The Court should by no means vacate its decision.
2. The Court did not apply the Wolfe
Test that it cites as the Operative Standard in this Case.
The duties and responsibilities of the ZA and BZA re the DRS process
are set forth clearly in the Ordinance and in Section 8-24-55 of the West
Virginia Law on Planning and Zoning, respectively.
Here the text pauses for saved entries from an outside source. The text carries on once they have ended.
(* Let $\mathcal X$ be a coherent configuration on $\Omega$, let $\Pi$ be a generalized base of $\mathcal X$ and let $\alpha\in\Omega$. Put $\Omega'=\Omega\setminus\{\alpha\}$, let $\mathcal X'$ be the restriction of $\mathcal X_\alpha$ to $\Omega'$, and let $\Pi'=\{\Gamma\setminus\{\alpha\}:\Gamma\in\Pi\}$. Then $\Pi'$ is a generalized base of $\mathcal X'$.
   Context: A coherent configuration on a finite set $\Omega$ is a pair $\mathcal X=(\Omega,S)$ where $S$ is a partition of $\Omega\times\Omega$ such that $1_\Omega$ is a union of elements of $S$, $s^*=\{(\beta,\alpha):(\alpha,\beta)\in s\}\in S$ for $s\in S$, and for $r,s,t\in S$ the number $|\{\gamma:(\alpha,\gamma)\in r,(\gamma,\beta)\in s\}|$ is independent of $(\alpha,\beta)\in t$. Relations are unions of elements of $S$; fibers are sets $\Gamma$ with $1_\Gamma\in S$. A fission of $\mathcal X$ is a coherent configuration on $\Omega$ all of whose relations include those of $\mathcal X$. $\mathcal X$ is complete if every element of $S$ is a singleton. For $\Pi\subseteq 2^\Omega$, the $\Pi$-fission of $\mathcal X$ is the smallest fission in which every element of $\Pi$ is a union of fibers; $\Pi$ is a generalized base if its $\Pi$-fission is complete. $\mathcal X_\alpha$ denotes the $\{\{\alpha\}\}$-fission of $\mathcal X$ (so $\{\alpha\}$ and hence $\Omega\setminus\{\alpha\}$ are unions of fibers). For a union $\Gamma$ of fibers, the restriction $\mathcal X_\Gamma=(\Gamma,\{s\cap(\Gamma\times\Gamma):s\in S\}\setminus\{\emptyset\})$. *)

theory Defs
  imports Main
begin

text \<open>A coherent configuration is represented by its point set Omega and the
partition S of Omega x Omega into basis relations.\<close>

definition coherent_config :: "'a set \<Rightarrow> ('a \<times> 'a) set set \<Rightarrow> bool" where
  "coherent_config \<Omega> S \<longleftrightarrow>
     finite \<Omega> \<and>
     \<Union>S = \<Omega> \<times> \<Omega> \<and> {} \<notin> S \<and>
     (\<forall>s\<in>S. \<forall>t\<in>S. s \<noteq> t \<longrightarrow> s \<inter> t = {}) \<and>
     (\<exists>T\<subseteq>S. Id_on \<Omega> = \<Union>T) \<and>
     (\<forall>s\<in>S. converse s \<in> S) \<and>
     (\<forall>r\<in>S. \<forall>s\<in>S. \<forall>t\<in>S. \<forall>x\<in>t. \<forall>y\<in>t.
        card {c. (fst x, c) \<in> r \<and> (c, snd x) \<in> s} =
        card {c. (fst y, c) \<in> r \<and> (c, snd y) \<in> s})"
lemma zariski_homeomorphism_act:
  assumes t: "\<And>i. t i \<noteq> 0"
  shows "zariski_homeomorphism k (act t)"
proof -
  have inv_t: "\<And>i. (inverse \<circ> t) i \<noteq> 0"
    using t by simp
  have "zariski_closed k (act t ` X) \<longleftrightarrow> zariski_closed k X" for X
  proof
    assume "zariski_closed k (act t ` X)"
    then have "zariski_closed k (act t -` act t ` X)"
      by (rule zariski_closed_act_vimage[OF t])
    then show "zariski_closed k X"
      by (simp only: inj_vimage_image_eq[OF bij_is_inj[OF bij_act[OF t]]])
  next
    assume "zariski_closed k X"
    then show "zariski_closed k (act t ` X)"
      unfolding act_image_eq_vimage[OF t] by (rule zariski_closed_act_vimage[OF inv_t])
  qed
  then show ?thesis
    unfolding zariski_homeomorphism_def by (simp add: bij_act[OF t])
qed

lemma lin_indep_on_act_image:
  assumes t: "\<And>i. t i \<noteq> 0" and "lin_indep_on k X M"
  shows "lin_indep_on k (act t ` X) M"
  unfolding lin_indep_on_def
proof (intro allI impI)
  have indep: "\<And>c. \<forall>x\<in>X. (\<Sum>\<alpha>\<in>M. c \<alpha> * mono_eval k \<alpha> x) = 0 \<Longrightarrow> \<forall>\<alpha>\<in>M. c \<alpha> = 0"
    using assms(2) unfolding lin_indep_on_def by blast
  fix c assume "\<forall>x\<in>act t ` X. (\<Sum>\<alpha>\<in>M. c \<alpha> * mono_eval k \<alpha> x) = 0"
  then have "\<forall>x\<in>X. (\<Sum>\<alpha>\<in>M. (c \<alpha> * mono_eval k \<alpha> t) * mono_eval k \<alpha> x) = 0"
    by (simp add: mono_eval_act mult.assoc)
  then have "\<forall>\<alpha>\<in>M. c \<alpha> * mono_eval k \<alpha> t = 0"
    by (rule indep)
  then show "\<forall>\<alpha>\<in>M. c \<alpha> = 0"
    using mono_eval_nonzero[OF t] by simp
qed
"The ZA shall determine if the sketch plan and support data are
adequate" [Ordinance 7.4(g)]. "The BZA (1) [shall] Hear and determine
appeals from and review any order, requirement, decision or determination made
by an official or board charged with enforcement of any
ordinance...".(Code, Section 8-24-55a).
By approving Thorn Hill's support data, both the ZA and BZA defaulted on their
obligations to the public. If either ZA or BZA possess any fraction of the
expertise claimed for them by the Intervenors' legal counsel, neither the ZA
nor BZA could possibly have overlooked the glaring deficiencies of said
"support data." From even a casual perusal of that submission it is
obvious to competent and responsible adults that the Intervenors' items of
"support data" that have been challenged by the Petitioners are
nothing more than elucidations of the obvious at best, outright deceptions at
worst, which barely qualify as data and provide no support to the developers'
application or the issuance of a Conditional Use Permit. Public trust was twice
betrayed by their approval. Accordingly, the Petitioners charge nonfeasance (or
misfeasance as the Court may decide) by the ZA and BZA, and recommend that
appropriate measures be taken to prevent the recurrence of such abuses.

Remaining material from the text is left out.